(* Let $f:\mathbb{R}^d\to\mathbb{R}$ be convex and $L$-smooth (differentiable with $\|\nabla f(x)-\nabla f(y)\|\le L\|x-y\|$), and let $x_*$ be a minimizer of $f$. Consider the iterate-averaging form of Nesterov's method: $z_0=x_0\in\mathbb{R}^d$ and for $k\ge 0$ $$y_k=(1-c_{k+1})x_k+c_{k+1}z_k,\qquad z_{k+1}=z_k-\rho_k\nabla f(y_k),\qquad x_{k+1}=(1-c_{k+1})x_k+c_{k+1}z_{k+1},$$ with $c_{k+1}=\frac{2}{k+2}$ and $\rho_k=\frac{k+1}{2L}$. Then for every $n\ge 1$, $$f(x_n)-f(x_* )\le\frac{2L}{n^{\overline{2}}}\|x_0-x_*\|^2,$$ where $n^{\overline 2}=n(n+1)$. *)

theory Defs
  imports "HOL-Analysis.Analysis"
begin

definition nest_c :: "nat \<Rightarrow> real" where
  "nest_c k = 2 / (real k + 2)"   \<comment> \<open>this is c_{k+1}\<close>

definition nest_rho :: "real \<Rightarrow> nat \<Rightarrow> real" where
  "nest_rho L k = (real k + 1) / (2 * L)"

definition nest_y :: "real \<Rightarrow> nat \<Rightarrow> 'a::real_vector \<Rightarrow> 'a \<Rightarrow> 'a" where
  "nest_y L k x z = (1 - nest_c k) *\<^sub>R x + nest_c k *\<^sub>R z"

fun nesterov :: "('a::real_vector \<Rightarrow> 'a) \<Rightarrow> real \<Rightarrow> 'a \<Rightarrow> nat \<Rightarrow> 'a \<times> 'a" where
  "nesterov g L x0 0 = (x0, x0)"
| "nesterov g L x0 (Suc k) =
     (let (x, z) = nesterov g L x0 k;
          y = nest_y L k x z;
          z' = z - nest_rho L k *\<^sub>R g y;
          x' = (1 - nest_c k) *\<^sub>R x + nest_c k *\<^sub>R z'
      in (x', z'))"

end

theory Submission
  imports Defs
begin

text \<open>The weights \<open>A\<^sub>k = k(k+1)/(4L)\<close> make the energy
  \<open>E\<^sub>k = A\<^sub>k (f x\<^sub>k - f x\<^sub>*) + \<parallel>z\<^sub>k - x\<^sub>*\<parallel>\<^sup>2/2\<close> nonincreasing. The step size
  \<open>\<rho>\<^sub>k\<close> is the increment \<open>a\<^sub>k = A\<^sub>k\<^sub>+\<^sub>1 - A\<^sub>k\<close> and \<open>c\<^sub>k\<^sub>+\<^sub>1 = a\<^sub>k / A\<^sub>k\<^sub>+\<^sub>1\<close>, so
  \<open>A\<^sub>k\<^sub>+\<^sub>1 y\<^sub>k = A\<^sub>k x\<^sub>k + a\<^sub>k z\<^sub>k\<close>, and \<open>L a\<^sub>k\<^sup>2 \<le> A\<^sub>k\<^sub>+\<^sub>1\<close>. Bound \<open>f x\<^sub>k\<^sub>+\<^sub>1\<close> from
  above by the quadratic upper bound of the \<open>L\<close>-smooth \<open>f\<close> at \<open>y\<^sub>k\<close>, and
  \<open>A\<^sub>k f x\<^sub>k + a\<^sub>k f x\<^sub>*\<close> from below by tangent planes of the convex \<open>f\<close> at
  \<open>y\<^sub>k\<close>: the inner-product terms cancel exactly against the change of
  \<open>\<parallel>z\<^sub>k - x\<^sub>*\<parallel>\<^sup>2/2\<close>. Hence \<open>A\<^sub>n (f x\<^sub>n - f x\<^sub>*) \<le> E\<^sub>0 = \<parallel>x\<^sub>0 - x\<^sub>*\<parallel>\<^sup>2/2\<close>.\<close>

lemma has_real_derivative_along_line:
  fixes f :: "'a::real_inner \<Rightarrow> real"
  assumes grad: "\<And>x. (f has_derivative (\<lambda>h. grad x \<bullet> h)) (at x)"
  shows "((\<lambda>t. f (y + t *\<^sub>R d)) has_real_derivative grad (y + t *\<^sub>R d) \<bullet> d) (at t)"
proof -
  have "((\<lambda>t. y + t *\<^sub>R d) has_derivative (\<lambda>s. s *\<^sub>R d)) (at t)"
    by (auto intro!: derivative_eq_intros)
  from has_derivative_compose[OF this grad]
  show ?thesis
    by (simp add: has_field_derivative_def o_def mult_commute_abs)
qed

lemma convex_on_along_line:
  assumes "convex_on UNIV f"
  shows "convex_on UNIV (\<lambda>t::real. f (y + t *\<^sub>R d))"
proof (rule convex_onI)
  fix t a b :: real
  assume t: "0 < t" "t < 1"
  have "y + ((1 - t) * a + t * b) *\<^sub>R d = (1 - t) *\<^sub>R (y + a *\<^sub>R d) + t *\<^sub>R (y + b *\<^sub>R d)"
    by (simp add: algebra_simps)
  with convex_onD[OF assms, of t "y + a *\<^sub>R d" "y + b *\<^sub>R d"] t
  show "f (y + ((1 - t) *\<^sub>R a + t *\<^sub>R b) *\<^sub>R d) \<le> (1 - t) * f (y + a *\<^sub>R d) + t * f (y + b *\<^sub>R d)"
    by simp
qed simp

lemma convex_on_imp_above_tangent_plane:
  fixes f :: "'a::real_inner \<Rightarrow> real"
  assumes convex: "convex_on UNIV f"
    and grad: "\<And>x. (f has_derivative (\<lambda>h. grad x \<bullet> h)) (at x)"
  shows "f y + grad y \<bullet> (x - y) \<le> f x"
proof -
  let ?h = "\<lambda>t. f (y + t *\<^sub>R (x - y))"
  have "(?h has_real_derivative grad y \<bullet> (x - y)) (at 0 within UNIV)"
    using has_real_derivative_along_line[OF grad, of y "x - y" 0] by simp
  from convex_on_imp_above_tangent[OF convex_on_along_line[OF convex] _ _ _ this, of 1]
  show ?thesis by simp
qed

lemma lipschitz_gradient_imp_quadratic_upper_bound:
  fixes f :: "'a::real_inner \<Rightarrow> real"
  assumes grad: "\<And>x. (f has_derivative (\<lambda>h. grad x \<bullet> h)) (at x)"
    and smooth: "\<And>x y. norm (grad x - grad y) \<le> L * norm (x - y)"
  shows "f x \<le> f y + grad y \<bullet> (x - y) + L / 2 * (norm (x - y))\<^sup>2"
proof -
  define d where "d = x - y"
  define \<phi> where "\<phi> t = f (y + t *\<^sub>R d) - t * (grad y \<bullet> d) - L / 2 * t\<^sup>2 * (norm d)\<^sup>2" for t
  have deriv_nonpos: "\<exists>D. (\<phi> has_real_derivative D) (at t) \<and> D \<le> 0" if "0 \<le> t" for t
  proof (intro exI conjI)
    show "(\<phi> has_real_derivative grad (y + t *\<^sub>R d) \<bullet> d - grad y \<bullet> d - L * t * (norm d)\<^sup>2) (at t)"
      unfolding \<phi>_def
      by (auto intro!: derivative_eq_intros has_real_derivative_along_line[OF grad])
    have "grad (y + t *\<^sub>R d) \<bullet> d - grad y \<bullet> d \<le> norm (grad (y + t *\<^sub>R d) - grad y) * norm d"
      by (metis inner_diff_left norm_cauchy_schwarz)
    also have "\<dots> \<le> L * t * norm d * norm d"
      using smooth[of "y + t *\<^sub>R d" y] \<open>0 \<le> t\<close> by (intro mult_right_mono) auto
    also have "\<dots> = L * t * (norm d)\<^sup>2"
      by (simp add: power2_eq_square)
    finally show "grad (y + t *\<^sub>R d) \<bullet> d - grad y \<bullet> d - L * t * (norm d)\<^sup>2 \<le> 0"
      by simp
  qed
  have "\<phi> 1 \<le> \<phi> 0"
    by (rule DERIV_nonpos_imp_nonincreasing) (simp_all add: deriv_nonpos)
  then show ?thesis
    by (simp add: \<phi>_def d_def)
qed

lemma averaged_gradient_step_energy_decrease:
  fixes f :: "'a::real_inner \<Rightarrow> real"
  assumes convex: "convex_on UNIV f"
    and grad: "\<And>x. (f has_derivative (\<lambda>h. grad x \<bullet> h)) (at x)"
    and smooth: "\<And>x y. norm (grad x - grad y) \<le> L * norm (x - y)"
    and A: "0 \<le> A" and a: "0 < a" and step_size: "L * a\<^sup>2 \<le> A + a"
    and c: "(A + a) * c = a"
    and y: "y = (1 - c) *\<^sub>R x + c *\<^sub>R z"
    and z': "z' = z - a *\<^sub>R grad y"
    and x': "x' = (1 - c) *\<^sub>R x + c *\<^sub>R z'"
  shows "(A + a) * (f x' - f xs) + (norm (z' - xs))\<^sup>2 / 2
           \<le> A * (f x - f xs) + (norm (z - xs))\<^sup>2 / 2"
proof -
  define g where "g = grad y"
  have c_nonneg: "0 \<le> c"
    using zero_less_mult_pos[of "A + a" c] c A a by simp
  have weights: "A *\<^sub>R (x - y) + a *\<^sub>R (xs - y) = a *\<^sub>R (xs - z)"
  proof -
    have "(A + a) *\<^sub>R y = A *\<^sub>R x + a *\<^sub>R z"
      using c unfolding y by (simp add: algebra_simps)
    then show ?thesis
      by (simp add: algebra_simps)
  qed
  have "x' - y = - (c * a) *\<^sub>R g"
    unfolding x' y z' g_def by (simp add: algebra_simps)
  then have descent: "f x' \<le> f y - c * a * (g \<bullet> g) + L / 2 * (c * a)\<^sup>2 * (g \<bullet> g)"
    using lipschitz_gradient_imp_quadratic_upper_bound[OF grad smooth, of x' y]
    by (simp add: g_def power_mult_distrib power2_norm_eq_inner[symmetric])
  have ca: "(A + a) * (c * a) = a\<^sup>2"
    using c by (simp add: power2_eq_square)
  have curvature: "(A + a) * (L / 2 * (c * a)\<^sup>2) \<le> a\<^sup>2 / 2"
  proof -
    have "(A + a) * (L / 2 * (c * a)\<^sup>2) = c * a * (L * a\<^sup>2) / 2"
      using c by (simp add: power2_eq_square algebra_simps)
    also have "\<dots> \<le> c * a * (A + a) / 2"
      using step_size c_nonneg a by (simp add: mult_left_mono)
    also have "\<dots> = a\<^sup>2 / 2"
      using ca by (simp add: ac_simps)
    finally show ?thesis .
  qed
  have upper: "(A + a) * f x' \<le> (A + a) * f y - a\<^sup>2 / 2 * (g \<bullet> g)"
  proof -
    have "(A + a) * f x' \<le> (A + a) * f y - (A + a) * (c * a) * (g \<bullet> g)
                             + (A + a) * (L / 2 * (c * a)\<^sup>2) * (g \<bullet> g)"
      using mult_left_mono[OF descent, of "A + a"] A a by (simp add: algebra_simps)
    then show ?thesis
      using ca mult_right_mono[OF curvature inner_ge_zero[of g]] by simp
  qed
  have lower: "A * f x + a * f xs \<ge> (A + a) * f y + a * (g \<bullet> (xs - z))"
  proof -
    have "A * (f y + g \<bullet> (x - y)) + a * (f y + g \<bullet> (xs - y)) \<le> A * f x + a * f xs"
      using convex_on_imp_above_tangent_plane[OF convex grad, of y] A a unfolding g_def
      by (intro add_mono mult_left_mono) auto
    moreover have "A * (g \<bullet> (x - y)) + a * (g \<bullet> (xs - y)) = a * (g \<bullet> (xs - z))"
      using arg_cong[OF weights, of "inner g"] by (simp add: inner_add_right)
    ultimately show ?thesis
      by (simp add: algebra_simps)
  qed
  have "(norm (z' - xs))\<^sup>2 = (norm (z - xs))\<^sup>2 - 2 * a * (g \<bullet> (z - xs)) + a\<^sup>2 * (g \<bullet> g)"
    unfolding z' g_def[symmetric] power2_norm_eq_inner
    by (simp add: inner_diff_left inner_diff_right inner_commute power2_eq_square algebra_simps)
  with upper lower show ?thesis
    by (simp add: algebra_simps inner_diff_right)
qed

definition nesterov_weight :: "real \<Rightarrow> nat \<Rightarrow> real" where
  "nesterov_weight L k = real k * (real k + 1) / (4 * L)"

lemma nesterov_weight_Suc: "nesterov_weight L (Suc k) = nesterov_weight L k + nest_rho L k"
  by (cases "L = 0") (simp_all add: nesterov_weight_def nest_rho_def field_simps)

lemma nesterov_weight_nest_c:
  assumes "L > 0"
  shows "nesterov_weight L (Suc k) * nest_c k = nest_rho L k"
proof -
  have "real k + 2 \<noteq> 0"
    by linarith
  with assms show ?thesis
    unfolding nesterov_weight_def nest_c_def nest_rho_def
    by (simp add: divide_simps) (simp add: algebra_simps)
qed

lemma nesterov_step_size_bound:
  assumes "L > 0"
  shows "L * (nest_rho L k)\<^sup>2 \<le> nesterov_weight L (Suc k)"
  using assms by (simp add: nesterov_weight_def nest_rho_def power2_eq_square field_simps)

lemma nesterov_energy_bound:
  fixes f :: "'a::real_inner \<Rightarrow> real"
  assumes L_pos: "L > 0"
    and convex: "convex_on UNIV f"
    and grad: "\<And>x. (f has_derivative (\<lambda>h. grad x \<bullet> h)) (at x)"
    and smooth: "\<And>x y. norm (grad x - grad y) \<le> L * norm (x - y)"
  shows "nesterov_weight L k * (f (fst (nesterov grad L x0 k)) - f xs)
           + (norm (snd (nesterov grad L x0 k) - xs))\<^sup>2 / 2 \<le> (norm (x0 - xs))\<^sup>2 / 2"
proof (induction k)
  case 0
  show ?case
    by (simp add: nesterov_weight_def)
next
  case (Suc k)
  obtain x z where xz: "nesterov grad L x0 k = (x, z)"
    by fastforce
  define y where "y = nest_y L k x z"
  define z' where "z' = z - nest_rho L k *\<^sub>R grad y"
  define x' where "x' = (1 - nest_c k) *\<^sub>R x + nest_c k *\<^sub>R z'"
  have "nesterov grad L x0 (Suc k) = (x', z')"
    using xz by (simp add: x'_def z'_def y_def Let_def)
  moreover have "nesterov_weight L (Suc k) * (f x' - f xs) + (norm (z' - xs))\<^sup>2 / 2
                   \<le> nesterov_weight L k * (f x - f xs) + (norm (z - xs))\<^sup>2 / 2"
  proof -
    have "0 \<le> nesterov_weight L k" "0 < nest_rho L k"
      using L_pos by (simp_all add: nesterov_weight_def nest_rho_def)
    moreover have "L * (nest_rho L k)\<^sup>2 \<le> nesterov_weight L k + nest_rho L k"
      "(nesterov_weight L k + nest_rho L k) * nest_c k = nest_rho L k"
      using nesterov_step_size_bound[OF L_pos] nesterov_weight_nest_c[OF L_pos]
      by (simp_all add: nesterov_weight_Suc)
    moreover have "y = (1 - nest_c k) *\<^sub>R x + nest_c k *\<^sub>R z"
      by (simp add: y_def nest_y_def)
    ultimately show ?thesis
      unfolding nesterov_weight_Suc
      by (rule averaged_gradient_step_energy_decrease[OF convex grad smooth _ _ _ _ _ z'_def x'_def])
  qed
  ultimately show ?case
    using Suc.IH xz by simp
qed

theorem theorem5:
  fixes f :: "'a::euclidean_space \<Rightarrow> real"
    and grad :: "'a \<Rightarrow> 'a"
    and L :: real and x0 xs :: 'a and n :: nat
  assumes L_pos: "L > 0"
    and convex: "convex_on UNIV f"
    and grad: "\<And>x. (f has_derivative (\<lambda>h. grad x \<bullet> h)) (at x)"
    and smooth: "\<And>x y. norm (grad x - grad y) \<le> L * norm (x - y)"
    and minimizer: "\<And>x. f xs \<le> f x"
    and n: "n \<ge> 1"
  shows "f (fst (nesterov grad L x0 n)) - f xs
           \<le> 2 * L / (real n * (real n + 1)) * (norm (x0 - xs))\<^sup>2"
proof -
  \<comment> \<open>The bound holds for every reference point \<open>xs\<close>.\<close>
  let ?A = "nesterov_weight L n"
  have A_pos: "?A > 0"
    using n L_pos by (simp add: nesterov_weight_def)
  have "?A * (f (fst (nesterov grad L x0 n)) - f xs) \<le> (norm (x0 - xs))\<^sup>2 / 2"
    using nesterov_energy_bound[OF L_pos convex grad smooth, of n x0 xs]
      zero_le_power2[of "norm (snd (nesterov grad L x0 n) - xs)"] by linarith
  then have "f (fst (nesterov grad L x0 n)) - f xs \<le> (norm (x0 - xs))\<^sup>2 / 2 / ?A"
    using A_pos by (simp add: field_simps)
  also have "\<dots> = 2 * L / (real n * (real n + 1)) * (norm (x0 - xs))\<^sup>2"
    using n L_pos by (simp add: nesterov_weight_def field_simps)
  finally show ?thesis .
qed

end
____________________
#### TASK PROMPT
Write out, from the lines above, only those from the line with "define y where" to the line with "< nest_rho L", exactly as given, including the first and the last.

#### OUTPUT FOR THIS TASK
  define y where "y = nest_y L k x z"
  define z' where "z' = z - nest_rho L k *\<^sub>R grad y"
  define x' where "x' = (1 - nest_c k) *\<^sub>R x + nest_c k *\<^sub>R z'"
  have "nesterov grad L x0 (Suc k) = (x', z')"
    using xz by (simp add: x'_def z'_def y_def Let_def)
  moreover have "nesterov_weight L (Suc k) * (f x' - f xs) + (norm (z' - xs))\<^sup>2 / 2
                   \<le> nesterov_weight L k * (f x - f xs) + (norm (z - xs))\<^sup>2 / 2"
  proof -
    have "0 \<le> nesterov_weight L k" "0 < nest_rho L k"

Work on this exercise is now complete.